When you have to say goodbye

This week is specially challenging for me, given that one of my colleagues is leaving.
Its funny because I can feel the weight of her leaving. Without realising it, I grown attached to her. And her leaving is  actually quite painful, I wasn’t expecting it to be like this. Never in a millon years.

It feels like a family member is leaving.
Ever since I started working, she took me in, helped me out and never got tired of my questions or queries, and always answered me. Having gone through 2 miscarriages and so many health issues, she fought to be a mother, she really did.
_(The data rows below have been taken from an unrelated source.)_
(* Let $p$ be prime, $\mathbb{F}=\mathbb{F}_p$, and let $x,y,z\in\mathbb{F}^N$ satisfy $\sum_{t=1}^Nx(t)^iy(t)^az(t)^b=0$ for all $0\le a,b,i\le p-1$ (with the convention $0^0=1$). Then $$(S_{2p})_{y,z}(x)=\mathcal{H}\big(y^{(p)},z^{(p)}\big),$$ where $S_{2p}(x)=\sum_{T\subseteq[N],|T|=2p}\prod_{i\in T}x_i$.
   Context: Directional derivatives: $f_y(x)=f(x+y)-f(x)$, $f_{y,z}=(f_y)_z$. By definition $\mathcal{H}(y^{(p)},z^{(p)})=\sum_{1\le j_1<\dots<j_{2p}\le N}\ \sum_{\theta\subseteq[2p],|\theta|=p}\ \prod_{i\in\theta}y(j_i)\prod_{i\in[2p]\setminus\theta}z(j_i)$, where $y(j)$ is the $j$-th coordinate of $y$. *)

theory Defs
  imports "HOL-Computational_Algebra.Primes"
begin

text \<open>Vectors in F^N are functions nat => 'a, with coordinates indexed by 1..N.\<close>

definition esym :: "nat \<Rightarrow> nat \<Rightarrow> (nat \<Rightarrow> 'a::comm_ring_1) \<Rightarrow> 'a" where
  "esym N k x = (\<Sum>T \<in> {T. T \<subseteq> {1..N} \<and> card T = k}. \<Prod>i\<in>T. x i)"

definition dderiv :: "((nat \<Rightarrow> 'a::comm_ring_1) \<Rightarrow> 'a) \<Rightarrow> (nat \<Rightarrow> 'a) \<Rightarrow> (nat \<Rightarrow> 'a) \<Rightarrow> 'a" where
  "dderiv f y = (\<lambda>x. f (\<lambda>t. x t + y t) - f x)"

definition incr_tuples :: "nat \<Rightarrow> nat \<Rightarrow> (nat \<Rightarrow> nat) set" where
  "incr_tuples N m = {j. (\<forall>i\<in>{1..m}. 1 \<le> j i \<and> j i \<le> N)
                         \<and> (\<forall>i. i \<notin> {1..m} \<longrightarrow> j i = 0)
                         \<and> (\<forall>i1 i2. 1 \<le> i1 \<and> i1 < i2 \<and> i2 \<le> m \<longrightarrow> j i1 < j i2)}"

definition Hform :: "nat \<Rightarrow> nat \<Rightarrow> (nat \<Rightarrow> 'a::comm_ring_1) \<Rightarrow> (nat \<Rightarrow> 'a) \<Rightarrow> 'a" where
  "Hform N p y z = (\<Sum>j \<in> incr_tuples N (2*p).
      \<Sum>\<theta> \<in> {\<theta>. \<theta> \<subseteq> {1..2*p} \<and> card \<theta> = p}.
        (\<Prod>i\<in>\<theta>. y (j i)) * (\<Prod>i\<in>{1..2*p} - \<theta>. z (j i)))"

end

theory Submission
  imports Defs "HOL-Library.Cardinality" "HOL-Number_Theory.Residues" "HOL-Computational_Algebra.Polynomial"
begin

text \<open>
  The moment hypothesis forces every value of the triple \<open>(x t, y t, z t)\<close> to occur a multiple
  of \<open>p\<close> times: the indicator of a point of \<open>\<bbbF>\<^sup>3\<close> is a product of one-variable polynomials of
  degree at most \<open>p - 1\<close>, so summing it over the coordinates gives \<open>0\<close> in \<open>\<bbbF>\<close>.
  The coordinates therefore split into blocks of \<open>p\<close> equal triples. Appending a block on which
  a vector takes the value \<open>v\<close> multiplies its generating polynomial \<open>\<Prod>(1 + u w\<^sub>t)\<close> by
  \<open>(1 + u v)\<^sup>p = 1 + u\<^sup>p v\<close>, so \<open>S\<^sub>k\<close> gains \<open>v S\<^sub>k\<^sub>-\<^sub>p\<close>. Consequently \<open>S\<^sub>p\<close> is additive on such vectors, and
  both the second difference of \<open>S\<^sub>2\<^sub>p\<close> and the sum over pairs of disjoint \<open>p\<close>-sets defining \<open>\<H>\<close>
  grow by \<open>y S\<^sub>p(z) + z S\<^sub>p(y)\<close> (with \<open>y, z\<close> the values on the block).
\<close>

section \<open>Elementary symmetric sums over finite index sets\<close>

definition k_subsets :: "'b set \<Rightarrow> nat \<Rightarrow> 'b set set" where
  "k_subsets I k = {T. T \<subseteq> I \<and> card T = k}"

lemma finite_k_subsets [simp]: "finite I \<Longrightarrow> finite (k_subsets I k)"
  unfolding k_subsets_def by (rule finite_subset[of _ "Pow I"]) auto

lemma card_k_subsets: "finite I \<Longrightarrow> card (k_subsets I k) = card I choose k"
  unfolding k_subsets_def by (rule n_subsets)

lemma k_subsets_0 [simp]: "finite I \<Longrightarrow> k_subsets I 0 = {{}}"
  unfolding k_subsets_def using finite_subset by fastforce

lemma k_subsets_empty [simp]: "k \<noteq> 0 \<Longrightarrow> k_subsets {} k = {}"
  unfolding k_subsets_def by auto

lemma sum_k_subsets_Un:
  assumes "finite J" "finite K" "J \<inter> K = {}"
  shows "(\<Sum>T\<in>k_subsets (J \<union> K) k. F (T \<inter> J) (T \<inter> K)) =
         (\<Sum>i\<le>k. \<Sum>A\<in>k_subsets J i. \<Sum>B\<in>k_subsets K (k - i). F A B)"
proof -
  let ?P = "\<Union>i\<le>k. k_subsets J i \<times> k_subsets K (k - i)"
  have "(\<Sum>T\<in>k_subsets (J \<union> K) k. F (T \<inter> J) (T \<inter> K)) = (\<Sum>(A, B)\<in>?P. F A B)"
  proof (rule sum.reindex_bij_witness[of _ "\<lambda>(A, B). A \<union> B" "\<lambda>T. (T \<inter> J, T \<inter> K)"])
    fix T assume T: "T \<in> k_subsets (J \<union> K) k"
    then have "card T = card (T \<inter> J) + card (T \<inter> K)"
      using assms by (subst card_Un_disjoint[symmetric])
        (auto simp: k_subsets_def intro: finite_subset intro!: arg_cong[where f = card])
    then show "(T \<inter> J, T \<inter> K) \<in> ?P"
      using T by (auto simp: k_subsets_def)
  next
    fix AB assume "AB \<in> ?P"
    then obtain i A B where AB: "AB = (A, B)" "i \<le> k" "A \<subseteq> J" "card A = i" "B \<subseteq> K" "card B = k - i"
      by (auto simp: k_subsets_def)
    moreover have "card (A \<union> B) = k"
      using AB assms by (subst card_Un_disjoint) (auto intro: finite_subset)
    ultimately show "(case AB of (A, B) \<Rightarrow> A \<union> B) \<in> k_subsets (J \<union> K) k"
      by (auto simp: k_subsets_def)
  qed (use assms in \<open>auto simp: k_subsets_def\<close>)
  also have "\<dots> = (\<Sum>i\<le>k. \<Sum>(A, B)\<in>k_subsets J i \<times> k_subsets K (k - i). F A B)"
    by (rule sum.UNION_disjoint) (use assms in \<open>auto simp: k_subsets_def\<close>)
  finally show ?thesis
    by (simp add: sum.cartesian_product)
qed

definition esym_on :: "nat \<Rightarrow> ('b \<Rightarrow> 'a::comm_ring_1) \<Rightarrow> 'b set \<Rightarrow> 'a" where
  "esym_on k w I = (\<Sum>T\<in>k_subsets I k. prod w T)"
Behind her smile is a warrior who didn’t care what the odds were, she just belived that she would be a mother, the conviction just burning in her eyes, its all she ever wants to be and now finally after having conceived, I can’t help but smile everytime I think of her, because I just know she’s going to be a great one and she truly truly deserves it

Some people are like that, very quiet, reserved and simple but they live with life pulsating through them, its contagious and they spark that desire in other people, without being vocal and loud about it. Truly speaking she makes me want to want to live with a passion, to expect great things, and moments,to be better and to always have hope. Looking at her I look forward to these important life events. I truly do.

I don’t know how minutes and hours turned into the sure bond of friendship. Unknowingly I have opened up my life before her, and she listened, to my every thought, idea, joke, and opinion.
I will miss her. I really will. 

And even though subconsciously I have been hoping that she might not go,  every one has their own dreams and they have their own path and its our duty to let people be who they are meant to be. To be free and let others be free.
Even though its time for another goodbye, its not the end, its just another turn in the road.